Repeat verbatim, and only, the lines of the data below, beginning at the line that contains "by (simp add: A_def B_def C_def" and stopping after the line that contains "True by simp".

** ENTRIES SUPPLIED follows **

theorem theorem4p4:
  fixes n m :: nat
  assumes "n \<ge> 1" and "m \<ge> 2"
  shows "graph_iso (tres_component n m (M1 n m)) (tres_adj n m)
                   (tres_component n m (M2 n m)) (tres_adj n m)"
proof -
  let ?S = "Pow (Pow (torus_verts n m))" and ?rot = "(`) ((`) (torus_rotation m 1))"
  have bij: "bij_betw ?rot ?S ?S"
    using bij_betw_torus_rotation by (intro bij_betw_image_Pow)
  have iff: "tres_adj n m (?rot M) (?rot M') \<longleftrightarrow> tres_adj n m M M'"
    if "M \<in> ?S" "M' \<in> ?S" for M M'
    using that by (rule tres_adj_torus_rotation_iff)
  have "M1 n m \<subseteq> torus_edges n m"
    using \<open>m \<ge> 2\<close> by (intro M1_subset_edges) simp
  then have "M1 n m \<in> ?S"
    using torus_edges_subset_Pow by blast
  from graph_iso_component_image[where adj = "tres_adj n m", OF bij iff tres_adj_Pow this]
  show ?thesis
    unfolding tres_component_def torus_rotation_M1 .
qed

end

** End of ENTRIES SUPPLIED **
** ENTRIES SUPPLIED follows **

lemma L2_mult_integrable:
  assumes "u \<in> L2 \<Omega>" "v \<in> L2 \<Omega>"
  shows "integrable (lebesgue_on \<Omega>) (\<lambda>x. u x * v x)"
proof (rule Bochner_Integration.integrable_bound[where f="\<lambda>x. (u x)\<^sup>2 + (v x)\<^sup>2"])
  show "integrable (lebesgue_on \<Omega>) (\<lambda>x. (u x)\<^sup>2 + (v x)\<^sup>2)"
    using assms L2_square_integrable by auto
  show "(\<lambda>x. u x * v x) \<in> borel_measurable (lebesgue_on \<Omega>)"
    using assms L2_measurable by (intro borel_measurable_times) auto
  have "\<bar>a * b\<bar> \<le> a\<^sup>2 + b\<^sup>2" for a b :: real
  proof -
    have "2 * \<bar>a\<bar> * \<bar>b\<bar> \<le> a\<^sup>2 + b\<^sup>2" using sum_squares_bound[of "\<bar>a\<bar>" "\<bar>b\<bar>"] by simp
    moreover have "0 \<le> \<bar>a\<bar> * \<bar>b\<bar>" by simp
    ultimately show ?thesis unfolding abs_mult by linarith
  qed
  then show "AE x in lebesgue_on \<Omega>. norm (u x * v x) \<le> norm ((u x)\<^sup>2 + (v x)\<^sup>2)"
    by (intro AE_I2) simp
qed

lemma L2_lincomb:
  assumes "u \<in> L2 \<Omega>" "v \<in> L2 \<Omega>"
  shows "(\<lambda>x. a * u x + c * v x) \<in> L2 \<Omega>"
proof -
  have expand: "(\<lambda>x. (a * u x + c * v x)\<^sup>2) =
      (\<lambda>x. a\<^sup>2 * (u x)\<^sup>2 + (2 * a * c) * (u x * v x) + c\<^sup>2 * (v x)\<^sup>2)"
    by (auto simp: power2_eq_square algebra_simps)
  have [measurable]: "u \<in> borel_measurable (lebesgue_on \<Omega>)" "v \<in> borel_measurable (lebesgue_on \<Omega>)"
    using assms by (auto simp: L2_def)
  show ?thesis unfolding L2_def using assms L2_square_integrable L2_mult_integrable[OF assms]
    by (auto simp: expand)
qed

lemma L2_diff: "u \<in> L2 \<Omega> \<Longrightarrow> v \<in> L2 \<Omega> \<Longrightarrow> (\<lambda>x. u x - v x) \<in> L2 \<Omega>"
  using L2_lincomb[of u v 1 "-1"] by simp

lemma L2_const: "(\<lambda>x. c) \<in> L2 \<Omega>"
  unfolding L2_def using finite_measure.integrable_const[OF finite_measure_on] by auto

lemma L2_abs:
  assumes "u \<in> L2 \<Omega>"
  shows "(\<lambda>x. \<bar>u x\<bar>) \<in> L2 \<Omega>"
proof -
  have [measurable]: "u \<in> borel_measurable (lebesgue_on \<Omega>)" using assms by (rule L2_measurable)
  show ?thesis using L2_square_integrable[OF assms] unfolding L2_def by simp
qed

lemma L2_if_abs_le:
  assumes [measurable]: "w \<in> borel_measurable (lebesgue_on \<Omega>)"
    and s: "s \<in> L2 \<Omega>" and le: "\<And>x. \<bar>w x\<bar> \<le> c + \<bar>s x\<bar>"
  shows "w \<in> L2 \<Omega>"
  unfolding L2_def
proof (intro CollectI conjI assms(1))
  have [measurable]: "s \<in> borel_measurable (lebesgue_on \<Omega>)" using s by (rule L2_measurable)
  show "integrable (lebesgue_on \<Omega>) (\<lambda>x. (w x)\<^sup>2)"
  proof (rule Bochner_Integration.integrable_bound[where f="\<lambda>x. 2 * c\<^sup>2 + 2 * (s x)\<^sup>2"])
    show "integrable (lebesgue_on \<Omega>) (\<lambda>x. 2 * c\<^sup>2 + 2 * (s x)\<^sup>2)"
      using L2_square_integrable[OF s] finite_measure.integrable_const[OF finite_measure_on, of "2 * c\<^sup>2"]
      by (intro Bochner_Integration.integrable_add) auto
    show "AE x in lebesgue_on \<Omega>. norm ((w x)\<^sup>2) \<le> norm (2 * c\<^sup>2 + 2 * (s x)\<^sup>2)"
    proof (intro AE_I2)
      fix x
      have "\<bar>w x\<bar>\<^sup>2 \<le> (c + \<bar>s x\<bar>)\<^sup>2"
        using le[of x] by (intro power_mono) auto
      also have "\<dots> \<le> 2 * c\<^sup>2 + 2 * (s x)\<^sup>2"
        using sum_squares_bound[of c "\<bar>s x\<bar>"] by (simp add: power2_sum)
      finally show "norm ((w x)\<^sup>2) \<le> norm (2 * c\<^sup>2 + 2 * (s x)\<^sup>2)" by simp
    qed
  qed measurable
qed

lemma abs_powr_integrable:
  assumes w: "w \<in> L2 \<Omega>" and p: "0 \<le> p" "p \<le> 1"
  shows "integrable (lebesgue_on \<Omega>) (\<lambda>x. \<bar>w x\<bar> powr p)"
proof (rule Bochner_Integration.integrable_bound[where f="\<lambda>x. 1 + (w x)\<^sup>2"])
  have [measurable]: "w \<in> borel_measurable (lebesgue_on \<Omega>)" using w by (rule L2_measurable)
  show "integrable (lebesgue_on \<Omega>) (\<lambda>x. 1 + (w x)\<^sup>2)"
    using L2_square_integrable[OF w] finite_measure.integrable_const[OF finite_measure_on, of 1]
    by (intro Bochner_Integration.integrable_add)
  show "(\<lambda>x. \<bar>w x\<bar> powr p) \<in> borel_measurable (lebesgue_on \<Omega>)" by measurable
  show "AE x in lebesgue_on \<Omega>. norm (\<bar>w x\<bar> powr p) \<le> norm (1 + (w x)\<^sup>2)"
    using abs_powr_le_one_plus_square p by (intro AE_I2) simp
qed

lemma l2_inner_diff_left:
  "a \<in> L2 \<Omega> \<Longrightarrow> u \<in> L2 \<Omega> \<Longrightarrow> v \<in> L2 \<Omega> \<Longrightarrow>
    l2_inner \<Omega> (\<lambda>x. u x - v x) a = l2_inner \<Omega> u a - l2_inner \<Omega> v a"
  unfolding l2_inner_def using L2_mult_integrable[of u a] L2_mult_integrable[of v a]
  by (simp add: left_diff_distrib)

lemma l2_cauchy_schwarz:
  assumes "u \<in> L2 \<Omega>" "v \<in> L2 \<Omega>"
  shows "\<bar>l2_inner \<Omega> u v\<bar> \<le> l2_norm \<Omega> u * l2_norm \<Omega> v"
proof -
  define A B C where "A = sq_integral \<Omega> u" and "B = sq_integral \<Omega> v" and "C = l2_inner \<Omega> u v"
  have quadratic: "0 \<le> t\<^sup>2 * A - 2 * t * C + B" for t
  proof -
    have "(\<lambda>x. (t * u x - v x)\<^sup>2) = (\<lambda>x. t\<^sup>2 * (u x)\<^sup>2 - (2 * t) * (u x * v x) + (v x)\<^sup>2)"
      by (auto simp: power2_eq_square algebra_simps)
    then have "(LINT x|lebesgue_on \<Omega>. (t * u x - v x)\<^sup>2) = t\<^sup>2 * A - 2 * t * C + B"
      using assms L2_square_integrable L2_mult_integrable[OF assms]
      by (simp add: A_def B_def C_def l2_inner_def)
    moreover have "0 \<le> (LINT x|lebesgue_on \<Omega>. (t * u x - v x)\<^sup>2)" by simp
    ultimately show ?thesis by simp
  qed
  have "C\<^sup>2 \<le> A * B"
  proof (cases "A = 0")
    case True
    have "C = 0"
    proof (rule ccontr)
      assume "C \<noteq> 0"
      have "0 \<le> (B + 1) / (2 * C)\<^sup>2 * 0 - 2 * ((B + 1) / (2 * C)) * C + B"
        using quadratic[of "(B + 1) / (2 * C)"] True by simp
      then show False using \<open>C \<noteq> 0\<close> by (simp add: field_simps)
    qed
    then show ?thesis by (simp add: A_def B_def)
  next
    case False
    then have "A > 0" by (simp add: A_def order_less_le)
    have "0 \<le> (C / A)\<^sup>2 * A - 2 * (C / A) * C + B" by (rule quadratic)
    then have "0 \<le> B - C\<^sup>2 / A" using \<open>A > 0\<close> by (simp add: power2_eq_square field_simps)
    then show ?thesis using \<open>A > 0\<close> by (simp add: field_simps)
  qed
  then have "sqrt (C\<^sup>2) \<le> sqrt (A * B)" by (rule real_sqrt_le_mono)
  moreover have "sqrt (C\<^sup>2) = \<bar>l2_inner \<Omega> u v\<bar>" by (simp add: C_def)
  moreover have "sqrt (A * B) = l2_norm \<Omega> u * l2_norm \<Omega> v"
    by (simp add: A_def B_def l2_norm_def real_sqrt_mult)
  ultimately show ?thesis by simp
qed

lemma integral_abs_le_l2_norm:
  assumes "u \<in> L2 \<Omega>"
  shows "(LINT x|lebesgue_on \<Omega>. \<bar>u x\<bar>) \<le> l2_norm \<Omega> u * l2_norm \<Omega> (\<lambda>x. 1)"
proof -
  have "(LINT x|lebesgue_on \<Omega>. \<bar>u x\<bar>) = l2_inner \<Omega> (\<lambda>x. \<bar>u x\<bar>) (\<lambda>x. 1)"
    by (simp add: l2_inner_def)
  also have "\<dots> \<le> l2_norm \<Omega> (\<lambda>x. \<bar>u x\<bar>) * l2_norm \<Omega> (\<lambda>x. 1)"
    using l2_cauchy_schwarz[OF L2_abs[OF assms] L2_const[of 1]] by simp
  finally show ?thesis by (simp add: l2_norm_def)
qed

** End of ENTRIES SUPPLIED **

● **RESPONSE**
      by (simp add: A_def B_def C_def l2_inner_def)
    moreover have "0 \<le> (LINT x|lebesgue_on \<Omega>. (t * u x - v x)\<^sup>2)" by simp
    ultimately show ?thesis by simp
  qed
  have "C\<^sup>2 \<le> A * B"
  proof (cases "A = 0")
    case True
    have "C = 0"
    proof (rule ccontr)
      assume "C \<noteq> 0"
      have "0 \<le> (B + 1) / (2 * C)\<^sup>2 * 0 - 2 * ((B + 1) / (2 * C)) * C + B"
        using quadratic[of "(B + 1) / (2 * C)"] True by simp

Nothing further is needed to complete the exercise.